My heart was racing. It was 3: 55 pm on June 5th and no matter how many times I refreshed my inbox, there was no news from Global Citizen Year. “Maybe it’s time to accept that I wasn’t accepted,” I thought to myself, 20 seconds before the phone rang with a message that would indeed change my life. When the Global Citizen Year staff told me that I had not only been accepted into the program, but that I’d been given a fully-funded fellowship, I didn’t know what to do. I didn’t know what to say. My cheeks were flushed. I felt nervous and shaky and shocked and excited and scared and happy and sad all at the same time. A million questions flooded my mind. Even as I write this, I still cannot believe that I will be going to Senegal.
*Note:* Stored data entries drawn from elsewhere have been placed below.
(* Let $n>6$. Let $S$ be an independent set of size $(n-1)!$ in the permutation graph $P(n)$ and let $v_S\in\mathbb{R}^{S(n)}$ be its characteristic vector. Then $v_S-\frac1n\mathbf{1}$ lies in the $[n-1,1]$-module.
   Context: The permutation graph $P(n)$ has vertex set $S(n)$, and $\pi,\sigma$ are adjacent iff $\pi(i)\neq\sigma(i)$ for all $i$. $\mathbf 1$ is the all-ones vector in $\mathbb{R}^{S(n)}$. For a partition $\lambda\vdash n$ with irreducible character $\chi_\lambda$ of $S(n)$, let $E_\lambda$ be the $n!\times n!$ matrix indexed by $S(n)$ with $(E_\lambda)_{\pi,\sigma}=\frac{\chi_\lambda(1)}{n!}\chi_\lambda(\pi^{-1}\sigma)$; the $\lambda$-module is the column space of $E_\lambda$ (a subspace of $\mathbb{R}^{S(n)}$ of dimension $\chi_\lambda(1)^2$). *)

theory Defs
  imports "HOL-Combinatorics.Permutations" Complex_Main
begin

definition perms :: "nat \<Rightarrow> (nat \<Rightarrow> nat) set" where
  "perms n = {p. p permutes {..<n}}"

definition perm_adj :: "nat \<Rightarrow> (nat \<Rightarrow> nat) \<Rightarrow> (nat \<Rightarrow> nat) \<Rightarrow> bool" where
  "perm_adj n p q \<longleftrightarrow> (\<forall>i<n. p i \<noteq> q i)"

definition perm_independent :: "nat \<Rightarrow> (nat \<Rightarrow> nat) set \<Rightarrow> bool" where
  "perm_independent n S \<longleftrightarrow> S \<subseteq> perms n \<and>
     (\<forall>p\<in>S. \<forall>q\<in>S. p \<noteq> q \<longrightarrow> \<not> perm_adj n p q)"

text \<open>Irreducible character of S(n) for the partition [n-1,1] (standard representation):
  number of fixed points minus one.\<close>
definition chi_std :: "nat \<Rightarrow> (nat \<Rightarrow> nat) \<Rightarrow> real" where
  "chi_std n p = real (card {i\<in>{..<n}. p i = i}) - 1"

definition E_std :: "nat \<Rightarrow> (nat \<Rightarrow> nat) \<Rightarrow> (nat \<Rightarrow> nat) \<Rightarrow> real" where
  "E_std n p q = chi_std n id / fact n * chi_std n (inv p \<circ> q)"

text \<open>The [n-1,1]-module: column space of E_std, as a subspace of functions on S(n)
  (only values on perms n matter).\<close>
definition module_std :: "nat \<Rightarrow> ((nat \<Rightarrow> nat) \<Rightarrow> real) set" where
  "module_std n = {v. \<exists>w. \<forall>p\<in>perms n. v p = (\<Sum>q\<in>perms n. E_std n p q * w q)}"

end

theory Submission
  imports Defs "HOL-Library.Indicator_Function"
begin

text \<open>
  A coclique \<open>S\<close> of size \<open>(n-1)!\<close> attains the clique-coclique bound, so it meets every
  \<open>n\<close>-clique (a Latin square, obtained by completing Latin rectangles with Hall's theorem) in
  exactly one point. Exchanging two rows of a Latin square on a set of columns therefore does not
  change how many of the two rows lie in \<open>S\<close>. Translating \<open>S\<close> to contain the identity, this
  switching shows that membership in \<open>S\<close> of a permutation with support \<open>X\<close> depends only on \<open>X\<close>,
  and the resulting 0/1-valued function of \<open>X\<close> obeys complementation, switching and covering
  relations that force it to be the indicator of the sets avoiding one point \<open>i0\<close>. Hence
  \<open>S\<close> is the stabilizer of \<open>i0\<close>, and in general a coset \<open>{p. p i = j}\<close>. For a coset,
  applying \<open>E\<^bsub>[n-1,1]\<^esub>\<close> to \<open>v\<^sub>S\<close> reproduces \<open>v\<^sub>S - 1/n\<close>, by counting agreements
  of permutations.
\<close>

definition hall_condition :: "'i set \<Rightarrow> ('i \<Rightarrow> 'a set) \<Rightarrow> bool" where
  "hall_condition I A \<longleftrightarrow> (\<forall>J\<subseteq>I. card J \<le> card (\<Union>(A ` J)))"

lemma hall_condition_delete:
  assumes fin: "finite I" "\<forall>i\<in>I. finite (A i)" and i: "i \<in> I"
    and surplus: "\<forall>J\<subseteq>I. J \<noteq> {} \<longrightarrow> J \<noteq> I \<longrightarrow> card J < card (\<Union>(A ` J))"
  shows "hall_condition (I - {i}) (\<lambda>j. A j - {x})"
  unfolding hall_condition_def
proof (intro allI impI)
  fix J assume J: "J \<subseteq> I - {i}"
  show "card J \<le> card (\<Union>j\<in>J. A j - {x})"
  proof (cases "J = {}")
    case False
    have "card J < card (\<Union>(A ` J))" using surplus J i False by blast
    moreover have "finite (\<Union>(A ` J))" using J fin finite_subset by blast
    then have "card (\<Union>(A ` J)) \<le> card (\<Union>(A ` J) - {x}) + 1"
      using card_Suc_Diff1[of "\<Union>(A ` J)" x] by (cases "x \<in> \<Union>(A ` J)") simp_all
    moreover have "(\<Union>j\<in>J. A j - {x}) = \<Union>(A ` J) - {x}" by auto
    ultimately show ?thesis by (metis Suc_eq_plus1 Suc_leI add_le_cancel_right order_trans)
  qed simp
qed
There is a mystery behind it all. I don’t know who I will be staying with. I don’t know what city I will live in. I barely speak French. I don’t know a word of Wolof. There is a mystery and curiosity behind what will happen when I arrive in California for Orientation on August 21. Who will I meet? Will the Fellows joining me in Africa become a set of friends I consider my family by the end of our stay? Or will they be simple strangers and stay that way? As I said, a million questions, curiosities, fears, doubts, and hopes.
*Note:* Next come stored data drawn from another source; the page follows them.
(* Let $K^2$ be the Klein bottle and $\mathcal X(K^2)=\mathrm{Hom}(\pi_1(K^2),\mathrm{SL}_2(\mathbb C))/\!/\mathrm{SL}_2(\mathbb C)$ its $\mathrm{SL}_2(\mathbb C)$-character variety. Then $\mathcal X(K^2)$ has three irreducible components. Exactly one of them contains characters of irreducible representations, and this component has dimension 1. *)

theory Defs
  imports "HOL-Analysis.Analysis"
begin

type_synonym pt3 = "complex \<times> complex \<times> complex"

inductive_set poly_fun3 :: "(pt3 \<Rightarrow> complex) set" where
  const: "(\<lambda>_. c) \<in> poly_fun3"
| var1: "(\<lambda>x. fst x) \<in> poly_fun3"
| var2: "(\<lambda>x. fst (snd x)) \<in> poly_fun3"
| var3: "(\<lambda>x. snd (snd x)) \<in> poly_fun3"
| add: "p \<in> poly_fun3 \<Longrightarrow> q \<in> poly_fun3 \<Longrightarrow> (\<lambda>x. p x + q x) \<in> poly_fun3"
| mult: "p \<in> poly_fun3 \<Longrightarrow> q \<in> poly_fun3 \<Longrightarrow> (\<lambda>x. p x * q x) \<in> poly_fun3"

definition zariski_closed3 :: "pt3 set \<Rightarrow> bool" where
  "zariski_closed3 S \<longleftrightarrow> (\<exists>P \<subseteq> poly_fun3. S = {x. \<forall>p\<in>P. p x = 0})"

definition closed_in_var :: "pt3 set \<Rightarrow> pt3 set \<Rightarrow> bool" where
  "closed_in_var X Y \<longleftrightarrow> (\<exists>Z. zariski_closed3 Z \<and> Y = X \<inter> Z)"

definition irreducible_closed :: "pt3 set \<Rightarrow> pt3 set \<Rightarrow> bool" where
  "irreducible_closed X Y \<longleftrightarrow> closed_in_var X Y \<and> Y \<noteq> {} \<and>
     (\<forall>Y1 Y2. closed_in_var X Y1 \<longrightarrow> closed_in_var X Y2 \<longrightarrow> Y \<subseteq> Y1 \<union> Y2 \<longrightarrow>
        Y \<subseteq> Y1 \<or> Y \<subseteq> Y2)"

definition irreducible_components :: "pt3 set \<Rightarrow> pt3 set set" where
  "irreducible_components X = {Y. irreducible_closed X Y \<and>
     (\<forall>Y'. irreducible_closed X Y' \<longrightarrow> Y \<subseteq> Y' \<longrightarrow> Y' = Y)}"

definition krull_dim :: "pt3 set \<Rightarrow> pt3 set \<Rightarrow> enat" where
  "krull_dim X Y = Sup {enat n | n. \<exists>C :: nat \<Rightarrow> pt3 set.
      (\<forall>i\<le>n. irreducible_closed X (C i) \<and> C i \<subseteq> Y) \<and> (\<forall>i<n. C i \<subset> C (Suc i))}"

type_synonym mat2 = "complex^2^2"

text \<open>Representations of \<pi>_1(K^2) = \<langle>a, b | a b a b^{-1} = 1\<rangle> into SL_2(C),
  given by the images (A, B) of the generators.\<close>
definition klein_rep :: "mat2 \<Rightarrow> mat2 \<Rightarrow> bool" where
  "klein_rep A B \<longleftrightarrow> det A = 1 \<and> det B = 1 \<and> A ** B ** A ** matrix_inv B = mat 1"

text \<open>A representation generated by A, B is irreducible iff there is no common invariant line.\<close>
definition irreducible_pair :: "mat2 \<Rightarrow> mat2 \<Rightarrow> bool" where
  "irreducible_pair A B \<longleftrightarrow>
     \<not> (\<exists>v :: complex^2. v \<noteq> 0 \<and> (\<exists>c. A *v v = c *s v) \<and> (\<exists>d. B *v v = d *s v))"

text \<open>The character of the representation, as a point of X(F_2) = C^3 via the Fricke
  coordinates (tr A, tr B, tr AB).\<close>
definition char_pt :: "mat2 \<Rightarrow> mat2 \<Rightarrow> pt3" where
  "char_pt A B = (trace A, trace B, trace (A ** B))"

definition klein_char_variety :: "pt3 set" where
  "klein_char_variety = {char_pt A B | A B. klein_rep A B}"

end

theory Submission
  imports Defs
begin

(* The relation A B A = B gives tr A tr B = 2 tr AB and tr A tr AB = 2 tr B, so in the
  Fricke coordinates (x, y, z) = (tr A, tr B, tr AB) the character variety lies on the three lines
  {y = z = 0}, {x = 2, z = y} and {x = -2, z = -y}; explicit representations show that it is their
  union. A line is a polynomial curve, so it meets a Zariski closed set either entirely or in
  finitely many points; hence each line is irreducible of Krull dimension 1, and the three
  pairwise incomparable lines are the irreducible components.
  If tr A = 2s with s = 1 or s = -1, then s is the only eigenvalue of A, and A B A = B makes B
  preserve the s-eigenspace of A: either A = sI, and any eigenline of B is invariant, or the
  eigenspace is a B-invariant line. So characters of irreducible representations lie only on the
  first line, which contains that of the quaternion representation a -> diag(i, -i),
  b -> [[0, 1], [-1, 0]]. *)

definition matrix2 :: "'a::zero \<Rightarrow> 'a \<Rightarrow> 'a \<Rightarrow> 'a \<Rightarrow> 'a^2^2" where
  "matrix2 a b c d = vector [vector [a, b], vector [c, d]]"

definition vec2 :: "'a::zero \<Rightarrow> 'a \<Rightarrow> 'a^2" where
  "vec2 x y = vector [x, y]"

lemma matrix2_nth [simp]:
  "matrix2 a b c d $ 1 $ 1 = a" "matrix2 a b c d $ 1 $ 2 = b"
  "matrix2 a b c d $ 2 $ 1 = c" "matrix2 a b c d $ 2 $ 2 = d"
  by (simp_all add: matrix2_def)

lemma vec2_nth [simp]: "vec2 x y $ 1 = x" "vec2 x y $ 2 = y"
  by (simp_all add: vec2_def)

lemma matrix2_cases:
  obtains a b c d where "M = matrix2 a b c d"
  using that[of "M$1$1" "M$1$2" "M$2$1" "M$2$2"] by (simp add: vec_eq_iff forall_2)

lemma vec2_cases:
  obtains x y where "v = vec2 x y"
  using that[of "v$1" "v$2"] by (simp add: vec_eq_iff forall_2)

lemma vec2_eq_0_iff [simp]: "vec2 x y = 0 \<longleftrightarrow> x = 0 \<and> y = 0"
  by (simp add: vec_eq_iff forall_2)

lemma matrix2_eq_0_iff: "matrix2 a b c d = 0 \<longleftrightarrow> a = 0 \<and> b = 0 \<and> c = 0 \<and> d = 0"
  by (simp add: vec_eq_iff forall_2)

lemma matrix2_eq_iff [simp]:
  "matrix2 a b c d = matrix2 a' b' c' d' \<longleftrightarrow> a = a' \<and> b = b' \<and> c = c' \<and> d = d'"
  by (simp add: vec_eq_iff forall_2)

lemma vec2_eq_iff [simp]: "vec2 x y = vec2 x' y' \<longleftrightarrow> x = x' \<and> y = y'"
  by (simp add: vec_eq_iff forall_2)

lemma matrix2_mult [simp]:
  "matrix2 a b c d ** matrix2 a' b' c' d' =
     matrix2 (a*a' + b*c') (a*b' + b*d') (c*a' + d*c') (c*b' + d*d')"
  by (simp add: vec_eq_iff forall_2 matrix_matrix_mult_def sum_2)

lemma matrix2_mult_vec2 [simp]: "matrix2 a b c d *v vec2 x y = vec2 (a*x + b*y) (c*x + d*y)"
  by (simp add: vec_eq_iff forall_2 matrix_vector_mult_def sum_2)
All I can really say for sure is that this a new beginning in my life. I have traveled before. I’ve lived in Northern Africa (Morocco) for many years of my life. But this is so different in so many ways. The biggest difference being that I will not be with my family, who have always traveled with me, who have always supported me and stood by my side as we adjusted to new countries, cities, and continents. So cheers to a new beginning, a new chapter. With a positive outlook and ambition and hope, I’m sure that this year will pass by in a blink of an eye, and by the end, I know I’ll be saying, “Wow. Look how everything has changed.”